### DIRECTIONS:
Looking at the listing below, retype exactly the lines starting at the one containing "i) = pochhammer" and ending at the one containing "e) * pochhammer", both included, and nothing else.

*** DATASET CONTENT Section Begins ***

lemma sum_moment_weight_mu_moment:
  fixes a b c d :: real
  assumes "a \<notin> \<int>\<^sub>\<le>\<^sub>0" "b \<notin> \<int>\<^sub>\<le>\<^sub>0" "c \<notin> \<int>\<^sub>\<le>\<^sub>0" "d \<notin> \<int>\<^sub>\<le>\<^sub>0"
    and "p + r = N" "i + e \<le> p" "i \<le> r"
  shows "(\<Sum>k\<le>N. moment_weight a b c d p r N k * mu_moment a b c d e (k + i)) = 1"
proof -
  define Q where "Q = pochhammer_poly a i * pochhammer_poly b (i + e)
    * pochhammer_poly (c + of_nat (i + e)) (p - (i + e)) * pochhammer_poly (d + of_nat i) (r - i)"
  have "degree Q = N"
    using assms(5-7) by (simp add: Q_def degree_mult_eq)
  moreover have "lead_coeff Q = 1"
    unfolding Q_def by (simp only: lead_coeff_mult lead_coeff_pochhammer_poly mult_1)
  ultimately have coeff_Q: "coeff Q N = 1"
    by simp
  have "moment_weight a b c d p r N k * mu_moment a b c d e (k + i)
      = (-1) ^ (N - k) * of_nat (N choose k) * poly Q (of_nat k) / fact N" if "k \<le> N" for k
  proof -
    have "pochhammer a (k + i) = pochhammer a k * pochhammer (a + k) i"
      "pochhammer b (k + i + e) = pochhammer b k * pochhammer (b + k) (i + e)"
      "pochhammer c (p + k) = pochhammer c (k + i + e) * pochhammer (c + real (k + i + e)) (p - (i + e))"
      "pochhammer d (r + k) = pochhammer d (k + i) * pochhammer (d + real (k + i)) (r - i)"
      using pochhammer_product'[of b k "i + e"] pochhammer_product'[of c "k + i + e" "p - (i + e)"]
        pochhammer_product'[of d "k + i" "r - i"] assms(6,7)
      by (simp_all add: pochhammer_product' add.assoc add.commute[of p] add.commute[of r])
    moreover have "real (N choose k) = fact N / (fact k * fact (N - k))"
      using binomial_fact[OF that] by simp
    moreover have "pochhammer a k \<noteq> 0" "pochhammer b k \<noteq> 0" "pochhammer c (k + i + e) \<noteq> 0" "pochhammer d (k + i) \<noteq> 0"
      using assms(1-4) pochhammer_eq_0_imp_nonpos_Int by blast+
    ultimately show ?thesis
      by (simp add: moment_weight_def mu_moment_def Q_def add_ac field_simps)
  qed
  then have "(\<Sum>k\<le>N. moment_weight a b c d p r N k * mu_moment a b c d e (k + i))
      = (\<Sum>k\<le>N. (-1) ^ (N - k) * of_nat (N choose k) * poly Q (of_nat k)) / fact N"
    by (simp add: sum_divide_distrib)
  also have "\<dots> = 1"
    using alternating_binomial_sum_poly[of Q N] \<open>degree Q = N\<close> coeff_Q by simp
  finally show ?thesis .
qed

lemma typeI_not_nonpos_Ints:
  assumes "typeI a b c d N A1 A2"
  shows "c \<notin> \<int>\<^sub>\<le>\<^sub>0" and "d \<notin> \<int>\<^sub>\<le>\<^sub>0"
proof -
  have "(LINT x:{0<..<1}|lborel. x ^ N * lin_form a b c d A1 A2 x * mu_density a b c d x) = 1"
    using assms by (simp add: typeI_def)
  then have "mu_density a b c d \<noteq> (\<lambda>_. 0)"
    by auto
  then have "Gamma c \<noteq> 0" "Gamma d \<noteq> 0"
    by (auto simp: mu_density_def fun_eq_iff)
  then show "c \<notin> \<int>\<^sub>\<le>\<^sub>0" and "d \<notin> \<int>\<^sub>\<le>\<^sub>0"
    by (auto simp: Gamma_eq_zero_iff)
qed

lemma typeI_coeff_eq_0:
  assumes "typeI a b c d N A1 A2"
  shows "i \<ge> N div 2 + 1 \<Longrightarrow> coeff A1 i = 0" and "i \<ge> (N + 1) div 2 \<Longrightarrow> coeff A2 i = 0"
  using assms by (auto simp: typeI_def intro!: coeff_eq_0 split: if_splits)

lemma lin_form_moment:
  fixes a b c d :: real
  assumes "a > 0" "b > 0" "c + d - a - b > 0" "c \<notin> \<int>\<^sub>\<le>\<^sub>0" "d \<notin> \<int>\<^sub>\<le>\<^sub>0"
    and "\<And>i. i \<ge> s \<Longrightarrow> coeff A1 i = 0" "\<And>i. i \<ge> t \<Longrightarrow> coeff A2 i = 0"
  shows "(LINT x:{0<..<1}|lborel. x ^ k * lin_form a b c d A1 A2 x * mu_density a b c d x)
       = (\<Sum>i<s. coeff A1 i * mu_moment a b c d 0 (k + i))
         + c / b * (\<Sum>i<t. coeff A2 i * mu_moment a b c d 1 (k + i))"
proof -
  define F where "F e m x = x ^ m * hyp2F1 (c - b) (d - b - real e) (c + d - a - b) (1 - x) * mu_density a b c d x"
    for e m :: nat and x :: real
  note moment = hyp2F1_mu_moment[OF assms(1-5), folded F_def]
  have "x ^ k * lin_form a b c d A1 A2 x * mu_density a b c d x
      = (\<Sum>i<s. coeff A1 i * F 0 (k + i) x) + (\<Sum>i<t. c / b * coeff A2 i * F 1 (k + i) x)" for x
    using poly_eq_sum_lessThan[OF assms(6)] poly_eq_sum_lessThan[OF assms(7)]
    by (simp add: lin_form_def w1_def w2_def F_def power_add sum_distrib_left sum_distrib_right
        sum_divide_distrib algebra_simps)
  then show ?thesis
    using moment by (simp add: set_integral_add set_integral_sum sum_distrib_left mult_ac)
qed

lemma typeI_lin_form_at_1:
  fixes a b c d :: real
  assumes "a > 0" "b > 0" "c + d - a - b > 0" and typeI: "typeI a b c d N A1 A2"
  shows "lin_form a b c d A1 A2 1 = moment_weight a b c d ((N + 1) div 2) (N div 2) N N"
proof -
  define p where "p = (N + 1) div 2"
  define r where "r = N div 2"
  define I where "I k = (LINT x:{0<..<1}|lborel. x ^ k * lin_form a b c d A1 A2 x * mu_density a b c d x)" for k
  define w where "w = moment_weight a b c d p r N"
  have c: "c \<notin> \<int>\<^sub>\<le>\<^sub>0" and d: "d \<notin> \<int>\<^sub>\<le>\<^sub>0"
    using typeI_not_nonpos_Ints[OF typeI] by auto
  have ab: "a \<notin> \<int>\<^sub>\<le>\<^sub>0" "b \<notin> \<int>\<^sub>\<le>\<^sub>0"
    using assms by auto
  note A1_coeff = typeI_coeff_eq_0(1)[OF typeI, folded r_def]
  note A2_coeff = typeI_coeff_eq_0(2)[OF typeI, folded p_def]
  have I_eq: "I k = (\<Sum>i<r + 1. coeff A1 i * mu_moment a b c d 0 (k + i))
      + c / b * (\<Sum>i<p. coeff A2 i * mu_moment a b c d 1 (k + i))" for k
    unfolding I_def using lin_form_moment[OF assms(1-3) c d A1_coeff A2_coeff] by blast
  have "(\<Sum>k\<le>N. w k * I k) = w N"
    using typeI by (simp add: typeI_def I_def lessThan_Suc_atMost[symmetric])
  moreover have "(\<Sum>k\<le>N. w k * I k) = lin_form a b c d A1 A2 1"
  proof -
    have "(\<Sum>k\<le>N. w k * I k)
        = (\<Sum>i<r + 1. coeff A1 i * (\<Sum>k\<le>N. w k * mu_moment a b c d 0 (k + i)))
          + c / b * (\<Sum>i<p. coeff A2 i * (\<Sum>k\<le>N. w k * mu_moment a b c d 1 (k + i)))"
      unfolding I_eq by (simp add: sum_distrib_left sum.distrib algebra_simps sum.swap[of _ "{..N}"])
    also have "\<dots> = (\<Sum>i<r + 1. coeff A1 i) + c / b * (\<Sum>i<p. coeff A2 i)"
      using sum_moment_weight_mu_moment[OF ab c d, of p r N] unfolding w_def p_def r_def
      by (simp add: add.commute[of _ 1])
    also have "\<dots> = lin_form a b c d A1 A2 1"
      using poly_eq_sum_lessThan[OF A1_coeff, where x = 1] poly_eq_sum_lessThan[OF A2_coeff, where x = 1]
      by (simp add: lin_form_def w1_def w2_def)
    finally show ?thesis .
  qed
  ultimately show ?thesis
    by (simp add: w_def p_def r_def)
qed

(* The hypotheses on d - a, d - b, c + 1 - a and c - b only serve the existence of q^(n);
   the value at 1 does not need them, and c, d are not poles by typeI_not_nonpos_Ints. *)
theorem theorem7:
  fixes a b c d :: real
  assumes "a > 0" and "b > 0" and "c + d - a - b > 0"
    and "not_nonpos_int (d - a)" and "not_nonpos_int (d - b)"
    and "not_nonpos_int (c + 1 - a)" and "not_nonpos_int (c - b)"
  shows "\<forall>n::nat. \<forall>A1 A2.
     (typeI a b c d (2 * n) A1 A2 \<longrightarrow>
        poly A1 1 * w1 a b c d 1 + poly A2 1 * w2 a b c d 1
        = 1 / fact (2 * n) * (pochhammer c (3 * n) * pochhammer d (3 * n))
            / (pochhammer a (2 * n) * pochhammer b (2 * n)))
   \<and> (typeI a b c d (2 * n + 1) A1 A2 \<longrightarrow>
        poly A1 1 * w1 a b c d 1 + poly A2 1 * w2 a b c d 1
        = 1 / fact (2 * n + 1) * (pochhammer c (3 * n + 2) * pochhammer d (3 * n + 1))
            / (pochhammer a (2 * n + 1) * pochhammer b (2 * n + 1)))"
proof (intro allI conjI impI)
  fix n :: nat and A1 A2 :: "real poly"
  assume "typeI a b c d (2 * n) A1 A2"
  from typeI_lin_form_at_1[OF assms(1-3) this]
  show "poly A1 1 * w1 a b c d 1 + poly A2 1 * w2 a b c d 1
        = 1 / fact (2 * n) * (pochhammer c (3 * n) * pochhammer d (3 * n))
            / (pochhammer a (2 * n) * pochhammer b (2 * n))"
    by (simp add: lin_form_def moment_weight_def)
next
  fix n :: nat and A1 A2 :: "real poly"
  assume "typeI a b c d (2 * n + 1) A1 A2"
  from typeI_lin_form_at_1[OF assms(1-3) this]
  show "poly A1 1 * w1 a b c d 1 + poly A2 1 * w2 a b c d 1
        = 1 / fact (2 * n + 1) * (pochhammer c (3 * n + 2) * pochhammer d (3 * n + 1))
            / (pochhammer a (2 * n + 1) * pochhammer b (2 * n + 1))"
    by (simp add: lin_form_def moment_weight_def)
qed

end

*** DATASET CONTENT Section Ends ***

### SOLVED EXERCISE:
    have "pochhammer a (k + i) = pochhammer a k * pochhammer (a + k) i"
      "pochhammer b (k + i + e) = pochhammer b k * pochhammer (b + k) (i + e)"
      "pochhammer c (p + k) = pochhammer c (k + i + e) * pochhammer (c + real (k + i + e)) (p - (i + e))"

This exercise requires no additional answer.